(* Let $A$ be a finite field and let $S,\bar S\subseteq A$ be subsets with $\#S=\#\bar S$. Let $\psi:A\to S$ and $\bar\psi:A\to\bar S$ be surjective maps such that $\bar\psi$ is additive, i.e. $\bar\psi(x+y)=\bar\psi(x)+\bar\psi(y)$ for all $x,y\in A$. Let $u:A\to A$, $v:A\to A$ and $h:S\to\bar S$ be maps such that $\bar\psi(u(x)+v(x))=h(\psi(x))$ for all $x\in A$. Assume moreover that $\bar\psi(v(x))=0$ for every $x\in A$, and that $v$ is constant on $\psi^{-1}(s)$ for every $s\in S$. Then the map $f(x)=u(x)+v(x)$ is a permutation of $A$ if and only if $u$ is a permutation of $A$. *)

theory Defs
  imports Main
begin

end

theory Submission
  imports Defs
begin

text \<open>Since \<open>psibar\<close> is additive and kills \<open>v\<close>, both \<open>u\<close> and \<open>u + v\<close> satisfy
  \<open>psibar \<circ> g = h \<circ> psi\<close>. Whichever of them is a permutation is onto, so \<open>h\<close> maps
  \<open>S\<close> onto \<open>Sbar\<close>, and \<open>card S = card Sbar\<close> makes \<open>h\<close> injective on \<open>S\<close>. Then equal
  values of \<open>u\<close> (or of \<open>u + v\<close>) force equal values of \<open>psi\<close>, hence of \<open>v\<close>, so the
  other map is injective too, and on a finite field injective means bijective.\<close>

lemma inj_on_factor_of_surj:
  assumes "finite S" and "card S = card Sbar"
    and "psi ` UNIV = S" and "psibar ` UNIV = Sbar"
    and "surj g"
    and "\<And>x. psibar (g x) = h (psi x)"
  shows "inj_on h S"
proof -
  have "Sbar = psibar ` g ` UNIV" using assms(4,5) by simp
  also have "\<dots> = h ` psi ` UNIV" using assms(6) by (auto simp: image_iff)
  finally have "card (h ` S) = card S" using assms(2,3) by simp
  then show ?thesis using \<open>finite S\<close> by (simp add: eq_card_imp_inj_on)
qed

lemma inj_add_fibre_const:
  fixes g w :: "'a \<Rightarrow> 'b::ab_group_add"
  assumes "inj g"
    and "\<And>x y. g x + w x = g y + w y \<Longrightarrow> psi x = psi y"
    and "\<And>x y. psi x = psi y \<Longrightarrow> w x = w y"
  shows "inj (\<lambda>x. g x + w x)"
proof (rule injI)
  fix x y assume eq: "g x + w x = g y + w y"
  then have "w x = w y" using assms(2,3) by blast
  with eq have "g x = g y" by simp
  with \<open>inj g\<close> show "x = y" by (rule injD)
qed

lemma bij_iff_inj_finite_UNIV:
  fixes f :: "'a::finite \<Rightarrow> 'a"
  shows "bij f \<longleftrightarrow> inj f"
  using finite_UNIV_inj_surj[of f] by (auto simp: bij_def)

theorem mainTheorem1:
  fixes S Sbar :: "'a::{field,finite} set"
    and psi psibar u v h :: "'a \<Rightarrow> 'a"
  assumes card_eq: "card S = card Sbar"
    and psi_onto: "psi ` UNIV = S"
    and psibar_onto: "psibar ` UNIV = Sbar"
    and psibar_add: "\<And>x y. psibar (x + y) = psibar x + psibar y"
    and h_maps: "\<And>s. s \<in> S \<Longrightarrow> h s \<in> Sbar"
    and key: "\<And>x. psibar (u x + v x) = h (psi x)"
    and psibar_v: "\<And>x. psibar (v x) = 0"
    and v_const: "\<And>s x y. s \<in> S \<Longrightarrow> psi x = s \<Longrightarrow> psi y = s \<Longrightarrow> v x = v y"
  shows "bij (\<lambda>x. u x + v x) \<longleftrightarrow> bij u"
proof -
  define f where "f = (\<lambda>x. u x + v x)"
  have psibar_u: "psibar (u x) = h (psi x)" for x
    using key[of x] by (simp add: psibar_add psibar_v)
  have v_fibre: "psi x = psi y \<Longrightarrow> v x = v y" for x y
    using v_const psi_onto by blast
  have h_inj: "inj_on h S" if "surj g" "\<And>x. psibar (g x) = h (psi x)" for g
    using inj_on_factor_of_surj[OF finite card_eq psi_onto psibar_onto that] .
  have psi_eq: "psi x = psi y" if "inj_on h S" "h (psi x) = h (psi y)" for x y
    using that psi_onto by (auto dest: inj_onD)
  have "bij u" if "bij f"
  proof -
    have "inj_on h S" using h_inj[OF bij_is_surj[OF \<open>bij f\<close>]] key by (simp add: f_def)
    moreover have "h (psi x) = h (psi y)" if "f x + - v x = f y + - v y" for x y
      using that psibar_u[of x] psibar_u[of y] by (simp add: f_def)
    ultimately have "psi x = psi y" if "f x + - v x = f y + - v y" for x y
      using psi_eq that by blast
    moreover have "- v x = - v y" if "psi x = psi y" for x y
      using v_fibre[OF that] by simp
    ultimately have "inj (\<lambda>x. f x + - v x)"
      by (rule inj_add_fibre_const[OF bij_is_inj[OF \<open>bij f\<close>]])
    then show ?thesis by (simp add: bij_iff_inj_finite_UNIV f_def)
  qed
  moreover have "bij f" if "bij u"
  proof -
    have "inj_on h S" using h_inj[OF bij_is_surj[OF \<open>bij u\<close>] psibar_u] .
    moreover have "h (psi x) = h (psi y)" if "u x + v x = u y + v y" for x y
      using that key[of x] key[of y] by simp
    ultimately have "psi x = psi y" if "u x + v x = u y + v y" for x y
      using psi_eq that by blast
    then have "inj (\<lambda>x. u x + v x)"
      using v_fibre by (rule inj_add_fibre_const[OF bij_is_inj[OF \<open>bij u\<close>]])
    then show ?thesis by (simp add: bij_iff_inj_finite_UNIV f_def)
  qed
  ultimately show ?thesis unfolding f_def by blast
qed

end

────

▸ What to do
Wherever the string "assumes" shows up in the material, copy the line that holds it.

▸ Solution for this exercise
  assumes "finite S" and "card S = card Sbar"
  assumes "inj g"
  assumes card_eq: "card S = card Sbar"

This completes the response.